Squeeze on the Young?

Citing Andrew Sum, Bob Herbert also claims, “The squeeze on the younger generation of workers is so tight that in many cases the young men and women of today are faring less well than their parents’ generation did at a similar age.”

Since most of Herbert’s concerns are about nonworking teenagers, it is difficult to make much sense of comparing their living standard with that of their parents “at a similar age.” Most of them are now supported by their parents, sharing the family’s living standard.

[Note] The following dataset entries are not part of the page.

(* Let $\Bbbk$ be a field of characteristic zero, $S=\Bbbk[x_1,x_2,x_3,x_4]$, $d\geq 2$, and $I=(x_1^d,x_2^d,x_3^d,x_4^d,x_1^{d-1}x_2,x_{3}^{d-1}x_4)$. Then $S/I$ fails the WLP in degree $2d-3$.
   Context: For a monomial ideal $I$, $A=S/I$ fails the WLP in degree $i$ if $\times(x_1+\cdots+x_4): A_i\to A_{i+1}$ is neither injective nor surjective. *)

theory Defs
  imports "HOL-Library.Poly_Mapping"
begin

text \<open>The paper's variables x_1,...,x_4 are x_0,...,x_3 here.\<close>

type_synonym 'a mpoly = "(nat \<Rightarrow>\<^sub>0 nat) \<Rightarrow>\<^sub>0 'a"

definition var :: "nat \<Rightarrow> 'a::comm_ring_1 mpoly" where
  "var j = Poly_Mapping.single (Poly_Mapping.single j 1) 1"

definition S4 :: "'a::comm_ring_1 mpoly set" where
  "S4 = {p :: 'a mpoly. \<forall>m \<in> Poly_Mapping.keys p. \<forall>j \<in> Poly_Mapping.keys m. j < (4::nat)}"

definition mdeg :: "(nat \<Rightarrow>\<^sub>0 nat) \<Rightarrow> nat" where
  "mdeg m = (\<Sum>j\<in>Poly_Mapping.keys m. Poly_Mapping.lookup m j)"

definition S4_deg :: "nat \<Rightarrow> 'a::comm_ring_1 mpoly set" where
  "S4_deg i = {p \<in> S4. \<forall>m \<in> Poly_Mapping.keys p. mdeg m = i}"

definition ideal_gen :: "'a::comm_ring_1 mpoly set \<Rightarrow> 'a mpoly set" where
  "ideal_gen G = {(\<Sum>g\<in>G. h g * g) | h. \<forall>g\<in>G. h g \<in> S4}"

definition lin_form :: "'a::comm_ring_1 mpoly" where
  "lin_form = var 0 + var 1 + var 2 + var 3"

text \<open>Multiplication by x_1+...+x_4 from A_i to A_{i+1}, where A = S/I and
  A_i = S_i / (I \<inter> S_i).  Injectivity / surjectivity of the induced map:\<close>
definition wlp_inj :: "'a::comm_ring_1 mpoly set \<Rightarrow> nat \<Rightarrow> bool" where
  "wlp_inj I i \<longleftrightarrow> (\<forall>f \<in> S4_deg i. lin_form * f \<in> I \<longrightarrow> f \<in> I)"

definition wlp_surj :: "'a::comm_ring_1 mpoly set \<Rightarrow> nat \<Rightarrow> bool" where
  "wlp_surj I i \<longleftrightarrow> (\<forall>g \<in> S4_deg (Suc i). \<exists>f \<in> S4_deg i. g - lin_form * f \<in> I)"

definition fails_WLP_in_degree :: "'a::comm_ring_1 mpoly set \<Rightarrow> nat \<Rightarrow> bool" where
  "fails_WLP_in_degree I i \<longleftrightarrow> \<not> wlp_inj I i \<and> \<not> wlp_surj I i"

end

theory Submission
  imports Defs
begin

text \<open>Write L = x_0 + x_1, L' = x_2 + x_3 and n = 2d - 3. Every monomial of degree 2d - 2 in
  x_0, x_1 alone, or in x_2, x_3 alone, lies in I; hence (L + L') f = L^(n+1) - (-L')^(n+1) lies
  in I for f = sum_k L^k (-L')^(n-k). Both failures are detected by the linear functionals
  p \<mapsto> coefficient of s^A t^B in p(s, \<sigma>s, t, \<sigma>t) with A, B < d, which vanish on I because
  no monomial of bidegree (A, B) is divisible by a generator. For \<sigma> = 1 and
  (A, B) = (d - 1, d - 2) the functional takes the value 2^(d-1) (-2)^(d-2) \<noteq> 0 on f, so f is
  not in I. For \<sigma> = -1 and A = B = d - 1 it kills every multiple of L + L' but equals 1 on
  x_0^(d-1) x_2^(d-1), which is therefore not in the image.\<close>

definition coeff_sum :: "((nat \<Rightarrow>\<^sub>0 nat) \<Rightarrow> 'a::comm_ring_1) \<Rightarrow> 'a mpoly \<Rightarrow> 'a" where
  "coeff_sum w p = (\<Sum>m\<in>Poly_Mapping.keys p. Poly_Mapping.lookup p m * w m)"

lemma coeff_sum_zero [simp]: "coeff_sum w 0 = 0"
  by (simp add: coeff_sum_def)

lemma coeff_sum_add: "coeff_sum w (p + q) = coeff_sum w p + coeff_sum w q"
  unfolding coeff_sum_def by (rule setsum_keys_plus_distrib) (auto simp: algebra_simps)

lemma coeff_sum_uminus: "coeff_sum w (- p) = - coeff_sum w p"
  by (simp add: coeff_sum_def sum_negf)

lemma coeff_sum_diff: "coeff_sum w (p - q) = coeff_sum w p - coeff_sum w q"
  using coeff_sum_add[of w p "- q"] by (simp add: coeff_sum_uminus)

lemma coeff_sum_sum: "coeff_sum w (sum f A) = (\<Sum>a\<in>A. coeff_sum w (f a))"
  by (induction A rule: infinite_finite_induct) (simp_all add: coeff_sum_add)

lemma coeff_sum_single: "coeff_sum w (Poly_Mapping.single m c) = c * w m"
  by (simp add: coeff_sum_def)

lemma coeff_sum_one: "coeff_sum w 1 = w 0"
  using coeff_sum_single[of w 0 1] by simp

lemma coeff_sum_eq_0: "(\<And>m. m \<in> Poly_Mapping.keys p \<Longrightarrow> w m = 0) \<Longrightarrow> coeff_sum w p = 0"
  by (simp add: coeff_sum_def)

lemma coeff_sum_zero_weight [simp]: "coeff_sum (\<lambda>_. 0) p = 0"
  by (simp add: coeff_sum_def)

lemma coeff_sum_weight_add: "coeff_sum (\<lambda>m. v m + w m) p = coeff_sum v p + coeff_sum w p"
  by (simp add: coeff_sum_def sum.distrib algebra_simps)

lemma coeff_sum_weight_scale: "coeff_sum (\<lambda>m. c * w m) p = c * coeff_sum w p"
  by (simp add: coeff_sum_def sum_distrib_left algebra_simps)

lemma sum_single_lookup:
  "(\<Sum>m\<in>Poly_Mapping.keys p. Poly_Mapping.single m (Poly_Mapping.lookup p m)) = p"
  by (rule poly_mapping_eqI) (simp add: lookup_sum lookup_single when_def in_keys_iff)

Three days after Herbert’s column appeared, on May 15, the New York Times launched a series on “Class in America” that I subsequently critiqued in the Wall Street Journal. Yet that article included a useful Times poll that specifically asked, “Compared with your parents when they were the age you are now is your standard of living” better or worse? It turns out that 39 percent said their standard of living was much better and another 27 percent said it was somewhat better. That is scarcely surprising, since real disposable income per person rose from $15,094 in 1974 (in 2000 dollars) to $27,281 in 2004—an increase of more than 80 percent.